“When we own portions of outstanding businesses with outstanding managements, our favorite holding period is forever.”
— Warren Buffett
One of the most important things investors can learn from Warren Buffett, is about how they approach their time horizon for an investment into a stock under consideration. Because immediately after buying shares of a given stock, investors will then be able to check on the day-to-day (and even minute-by-minute) market value. Some days the stock market will be up, other days down. These daily fluctuations can often distract from the long-term view. Today, we look at the result of a two-decade holding period for an investor who was considering Costco Wholesale Corp (NASD: COST) back in 2001, bought the stock, ignored the market’s ups and downs, and simply held through to today.

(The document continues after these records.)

lemma steiner_tree_within_star_reroute:
  assumes tree: "steiner_tree P V E" and "p \<in> P" and "{p, a} \<in> E" "{p, b} \<in> E"
    and fixes_P: "\<forall>q\<in>P. f q = q"
  shows "\<exists>E'. steiner_tree P (insert s (f ` V)) E' \<and> tree_cost E' \<le> tree_cost (star_reroute f p a b s E)"
proof (rule steiner_tree_of_connected_graph)
  have "is_tree V E" and PV: "P \<subseteq> V"
    using tree by (auto simp: steiner_tree_def)
  then have "finite E" "finite V" "graph_edges V E" "\<forall>u\<in>V. \<forall>v\<in>V. connected_in E u v"
    using finite_edges_if_tree by (auto simp: is_tree_def)
  moreover have "f p = p" "p \<in> V"
    using fixes_P \<open>p \<in> P\<close> PV by auto
  ultimately show "finite (star_reroute f p a b s E)" "finite (insert s (f ` V))"
    "\<forall>e\<in>star_reroute f p a b s E. \<exists>x\<in>insert s (f ` V). \<exists>y\<in>insert s (f ` V). e = {x, y}"
    "\<forall>u\<in>insert s (f ` V). \<forall>v\<in>insert s (f ` V). connected_in (star_reroute f p a b s E) u v"
    using star_reroute_edges[of V E p a b f s] star_reroute_connected[of V E p f s a b] assms(3,4)
    by (simp_all add: star_reroute_def)
  show "P \<subseteq> insert s (f ` V)"
    using fixes_P PV by force
qed simp

lemma tree_cost_star_reroute:
  assumes "finite E" "graph_edges V E" "{p, a} \<in> E" "{p, b} \<in> E" "a \<noteq> b"
    and lip: "\<forall>x y. dist (f x) (f y) \<le> dist x y"
  shows "tree_cost (star_reroute f p a b s E) + dist p a + dist p b
    \<le> tree_cost E + dist p s + dist s (f a) + dist s (f b)"
proof -
  define E0 where "E0 = E - {{p, a}, {p, b}}"
  have star: "tree_cost (star_reroute f p a b s E)
      \<le> dist p s + dist s (f a) + dist s (f b) + tree_cost ((`) f ` E0)"
    using \<open>finite E\<close> tree_cost_insert_le[of "insert {s, f a} (insert {s, f b} ((`) f ` E0))" p s]
      tree_cost_insert_le[of "insert {s, f b} ((`) f ` E0)" s "f a"]
      tree_cost_insert_le[of "(`) f ` E0" s "f b"]
    unfolding star_reroute_def E0_def by simp
  have "\<forall>e\<in>E0. \<exists>x y. e = {x, y}"
    using assms(2) unfolding E0_def graph_edges_def by blast
  then have retract: "tree_cost ((`) f ` E0) \<le> tree_cost E0"
    using \<open>finite E\<close> lip unfolding E0_def by (intro tree_cost_image_le) simp_all
  have "tree_cost E0 = tree_cost E - dist p a - dist p b"
    unfolding E0_def using assms(1,3-5) by (rule tree_cost_remove_two_edges)
  then show ?thesis
    using star retract by linarith
qed

section \<open>A Steiner point for a non-obtuse angle\<close>

lemma norm_quarter_sum_diff_unit:
  fixes x y :: "'a::real_inner"
  assumes "norm x = 1" "norm y = 1"
  shows "(norm ((1/4) *\<^sub>R (x + y) - x))\<^sup>2 = 1 - 3 * (1 + x \<bullet> y) / 8"
  using assms unfolding norm_eq_1
  by (simp add: power2_norm_eq_inner inner_diff_left inner_diff_right inner_add_left
      inner_add_right inner_commute algebra_simps) (simp add: field_simps)

lemma steiner_point_gain_unit:
  fixes e1 e2 :: "'a::real_inner"
  assumes e1: "norm e1 = 1" and e2: "norm e2 = 1" and non_obtuse: "0 \<le> e1 \<bullet> e2"
  defines "z \<equiv> (1/4) *\<^sub>R (e1 + e2)"
  shows "norm z + norm (z - e1) + norm (z - e2) < 2"
proof -
  define k where "k = 1 + e1 \<bullet> e2"
  have "e1 \<bullet> e2 \<le> 1"
    using norm_cauchy_schwarz[of e1 e2] e1 e2 by simp
  then have k: "1 \<le> k" "k \<le> 2"
    using non_obtuse by (simp_all add: k_def)
  have "(norm z)\<^sup>2 = k / 8"
    using e1 e2 unfolding norm_eq_1 z_def k_def power2_norm_eq_inner
    by (simp add: inner_add_left inner_add_right inner_commute)
  also have "\<dots> < (3 * k / 8)\<^sup>2"
    using k by (simp add: power2_eq_square field_simps)
  finally have norm_z: "norm z < 3 * k / 8"
    by (rule power2_less_imp_less) (use k in simp)
  have diff_bound: "norm (z - e) \<le> 1 - 3 * k / 16" if "(norm (z - e))\<^sup>2 = 1 - 3 * k / 8" for e
  proof (rule power2_le_imp_le)
    have "(1 - 3 * k / 16)\<^sup>2 = 1 - 3 * k / 8 + (3 * k / 16)\<^sup>2"
      by (simp add: power2_eq_square field_simps)
    then show "(norm (z - e))\<^sup>2 \<le> (1 - 3 * k / 16)\<^sup>2"
      using that zero_le_power2[of "3 * k / 16"] by linarith
  qed (use k in simp)
  have diff_sq: "(norm (z - e1))\<^sup>2 = 1 - 3 * k / 8" "(norm (z - e2))\<^sup>2 = 1 - 3 * k / 8"
    using norm_quarter_sum_diff_unit[OF e1 e2] norm_quarter_sum_diff_unit[OF e2 e1]
    by (simp_all add: z_def k_def add.commute inner_commute)
  show ?thesis
    using norm_z diff_bound[OF diff_sq(1)] diff_bound[OF diff_sq(2)] by linarith
qed

lemma norm_scaleR_sgn_diff:
  fixes w :: "'a::real_normed_vector"
  assumes "0 \<le> r" "r \<le> norm w"
  shows "norm (r *\<^sub>R sgn w - w) = norm w - r"
proof -
  have "r *\<^sub>R sgn w - w = (r / norm w - 1) *\<^sub>R w"
    by (simp add: sgn_div_norm divide_inverse algebra_simps)
  moreover have "\<bar>r / norm w - 1\<bar> * norm w = norm w - r"
    using assms by (cases "w = 0") (auto simp: field_simps abs_if)
  ultimately show ?thesis
    by simp
qed

lemma steiner_point_gain:
  fixes u v :: "'a::real_inner"
  assumes "u \<noteq> 0" "v \<noteq> 0" "0 \<le> u \<bullet> v"
  shows "\<exists>z. norm z + norm (z - u) + norm (z - v) < norm u + norm v"
proof -
  define r where "r = min (norm u) (norm v)"
  define z where "z = (1/4) *\<^sub>R (sgn u + sgn v)"
  have r: "0 < r" "r \<le> norm u" "r \<le> norm v"
    using assms by (auto simp: r_def)
  have "0 \<le> sgn u \<bullet> sgn v"
    using assms by (simp add: sgn_div_norm)
  then have gain: "norm z + norm (z - sgn u) + norm (z - sgn v) < 2"
    using assms unfolding z_def by (intro steiner_point_gain_unit) (simp_all add: norm_sgn)
  have leg: "norm (r *\<^sub>R z - w) \<le> r * norm (z - sgn w) + (norm w - r)" if "r \<le> norm w" for w
  proof -
    have "r *\<^sub>R z - w = r *\<^sub>R (z - sgn w) + (r *\<^sub>R sgn w - w)"
      by (simp add: algebra_simps)
    then show ?thesis
      using norm_triangle_ineq[of "r *\<^sub>R (z - sgn w)" "r *\<^sub>R sgn w - w"]
        norm_scaleR_sgn_diff[of r w] r(1) that by (simp only:) simp
  qed
  have "r * (norm z + norm (z - sgn u) + norm (z - sgn v)) < r * 2"
    using gain r(1) by simp
  then have "norm (r *\<^sub>R z) + norm (r *\<^sub>R z - u) + norm (r *\<^sub>R z - v) < norm u + norm v"
    using leg[OF r(2)] leg[OF r(3)] r(1) by (simp add: algebra_simps)
  then show ?thesis
    by blast
qed

lemma exists_steiner_point_shorter:
  fixes p x y :: "'a::real_inner"
  assumes "0 \<le> (x - p) \<bullet> (y - p)" "dist p x \<le> \<alpha>" "dist p y \<le> \<beta>" "0 < \<alpha>" "0 < \<beta>"
  shows "\<exists>s. dist p s + dist s x + dist s y < \<alpha> + \<beta>"
proof (cases "x = p \<or> y = p")
  case True
  then have "dist p p + dist p x + dist p y < \<alpha> + \<beta>"
    using assms(2-5) by auto
  then show ?thesis
    by blast
next
  case False
  then obtain z where "norm z + norm (z - (x - p)) + norm (z - (y - p)) < norm (x - p) + norm (y - p)"
    using steiner_point_gain[of "x - p" "y - p"] assms(1) by auto
  then have "dist p (p + z) + dist (p + z) x + dist (p + z) y < dist p x + dist p y"
    by (simp add: dist_norm norm_minus_commute algebra_simps)
  then show ?thesis
    using assms(2,3) by (intro exI[of _ "p + z"]) linarith
qed

section \<open>Extreme points of a finite set are leaves\<close>

lemma inner_clamp_corner_nonneg:
  fixes a b p :: "'a::euclidean_space"
  assumes box: "\<And>i. i \<in> Basis \<Longrightarrow> a \<bullet> i \<le> b \<bullet> i"
    and corner: "\<And>i. i \<in> Basis \<Longrightarrow> p \<bullet> i = a \<bullet> i \<or> p \<bullet> i = b \<bullet> i"
  shows "0 \<le> (clamp a b x - p) \<bullet> (clamp a b y - p)"
proof (subst euclidean_inner, rule sum_nonneg)
  fix i :: 'a
  assume i: "i \<in> Basis"
  have bounds: "a \<bullet> i \<le> clamp a b w \<bullet> i" "clamp a b w \<bullet> i \<le> b \<bullet> i" for w
    using clamp_in_interval[of a b w] box i unfolding mem_box by blast+
  show "0 \<le> ((clamp a b x - p) \<bullet> i) * ((clamp a b y - p) \<bullet> i)"
    unfolding inner_diff_left
  proof (cases "p \<bullet> i = a \<bullet> i")
    case True
    then show "0 \<le> (clamp a b x \<bullet> i - p \<bullet> i) * (clamp a b y \<bullet> i - p \<bullet> i)"
      using bounds(1)[of x] bounds(1)[of y] by simp
  next
    case False
    then show "0 \<le> (clamp a b x \<bullet> i - p \<bullet> i) * (clamp a b y \<bullet> i - p \<bullet> i)"
      using corner[OF i] bounds(2)[of x] bounds(2)[of y] by (simp add: mult_nonpos_nonpos)
  qed
qed

lemma bounding_box_corner_retraction:
  fixes P :: "(real ^ 'n) set"
  assumes "finite P" "p \<in> P"
    and corner: "\<forall>i. p $ i = Max ((\<lambda>q. q $ i) ` P) \<or> p $ i = Min ((\<lambda>q. q $ i) ` P)"
  shows "\<exists>f. (\<forall>x y. dist (f x) (f y) \<le> dist x y) \<and> (\<forall>q\<in>P. f q = q)
    \<and> (\<forall>x y. 0 \<le> (f x - p) \<bullet> (f y - p))"
proof -
  define lo where "lo = (\<chi> i. Min ((\<lambda>q. q $ i) ` P))"
  define hi where "hi = (\<chi> i. Max ((\<lambda>q. q $ i) ` P))"
  have P_box: "P \<subseteq> cbox lo hi"
    using assms(1) by (auto simp: mem_box_cart lo_def hi_def)
  then have box: "lo \<bullet> i \<le> hi \<bullet> i" if "i \<in> Basis" for i
    using \<open>p \<in> P\<close> that by (force simp: mem_box)
  have "p \<bullet> i = lo \<bullet> i \<or> p \<bullet> i = hi \<bullet> i" if "i \<in> Basis" for i
    using corner that by (auto simp: Basis_vec_def lo_def hi_def inner_axis)
  then have "0 \<le> (clamp lo hi x - p) \<bullet> (clamp lo hi y - p)" for x y
    using inner_clamp_corner_nonneg[OF box] by blast
  moreover have "clamp lo hi q = q" if "q \<in> P" for q
    using P_box that by auto
  ultimately show ?thesis
    using dist_clamps_le_dist_args by blast
qed

lemma optimal_steiner_tree_degree_eq_1:
  fixes P :: "'a::real_inner set"
  assumes opt: "optimal_steiner_tree P V E" and "p \<in> P" "q \<in> P" "q \<noteq> p"
    and lip: "\<forall>x y. dist (f x) (f y) \<le> dist x y" and fixes_P: "\<forall>q\<in>P. f q = q"
    and non_obtuse: "\<forall>x y. 0 \<le> (f x - p) \<bullet> (f y - p)"
  shows "degree E p = 1"
proof -
  have tree: "steiner_tree P V E"
    and minimal: "\<And>V' E'. steiner_tree P V' E' \<Longrightarrow> tree_cost E \<le> tree_cost E'"
    using opt by (auto simp: optimal_steiner_tree_def)
  then have "is_tree V E" "P \<subseteq> V"
    by (auto simp: steiner_tree_def)
  then have finE: "finite E" and ge: "graph_edges V E" and "connected_in E p q"
    using finite_edges_if_tree \<open>p \<in> P\<close> \<open>q \<in> P\<close> unfolding is_tree_def by blast+
  then have "0 < degree E p"
    using degree_pos_if_connected \<open>q \<noteq> p\<close> by metis
  moreover have "\<not> 2 \<le> degree E p"
  proof
    assume "2 \<le> degree E p"
    then obtain a b where ab: "{p, a} \<in> E" "{p, b} \<in> E" "a \<noteq> b" "a \<noteq> p" "b \<noteq> p"
      using two_neighbours_if_degree_ge_2[OF finE ge] by blast
    have "dist p (f c) \<le> dist p c" for c
      using lip fixes_P \<open>p \<in> P\<close> by metis
    then obtain s where "dist p s + dist s (f a) + dist s (f b) < dist p a + dist p b"
      using exists_steiner_point_shorter[where x = "f a" and y = "f b" and p = p
          and \<alpha> = "dist p a" and \<beta> = "dist p b"] non_obtuse ab(4,5) by auto
    moreover obtain E' where "steiner_tree P (insert s (f ` V)) E'"
      "tree_cost E' \<le> tree_cost (star_reroute f p a b s E)"
      using steiner_tree_within_star_reroute[OF tree \<open>p \<in> P\<close> ab(1,2) fixes_P] by blast
    ultimately show False
      using minimal tree_cost_star_reroute[OF finE ge ab(1-3) lip, of s] by fastforce
  qed
  ultimately show ?thesis
    by linarith
qed

theorem mainTheorem4:
  fixes P :: "(real ^ 'd) set" and p :: "real ^ 'd"
  assumes "finite P" and "card P \<ge> 2" and "p \<in> P"
    and "\<forall>i. p $ i = Max ((\<lambda>q. q $ i) ` P) \<or> p $ i = Min ((\<lambda>q. q $ i) ` P)"
  shows "\<forall>V E. optimal_steiner_tree P V E \<longrightarrow> degree E p = 1"
proof (intro allI impI)
  fix V E
  assume "optimal_steiner_tree P V E"
  moreover obtain q where "q \<in> P" "q \<noteq> p"
    using assms(1-3) by (metis card_le_Suc0_iff_eq not_less_eq_eq numeral_2_eq_2)
  moreover obtain f where "\<forall>x y. dist (f x) (f y) \<le> dist x y" "\<forall>q\<in>P. f q = q"
    "\<forall>x y. 0 \<le> (f x - p) \<bullet> (f y - p)"
    using bounding_box_corner_retraction[OF assms(1,3,4)] by blast
  ultimately show "degree E p = 1"
    using optimal_steiner_tree_degree_eq_1 \<open>p \<in> P\<close> by blast
qed

end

|Average annual return:||13.10%|
The above analysis shows the two-decade investment result worked out quite well, with an annualized rate of return of 13.10%. This would have turned a $10K investment made 20 years ago into $117,327.16 today (as of 02/12/2021). On a total return basis, that’s a result of 1,072.89% (something to think about: how might COST shares perform over the next 20 years?). [These numbers were computed with the Dividend Channel DRIP Returns Calculator.]
Notice that Costco Wholesale Corp paid investors a total of $50.94/share in dividends over the 20 holding period, marking a second component of the total return beyond share price change alone. Much like watering a tree, reinvesting dividends can help an investment to grow over time — for the above calculations we assume dividend reinvestment (and for this exercise the closing price on ex-date is used for the reinvestment of a given dividend).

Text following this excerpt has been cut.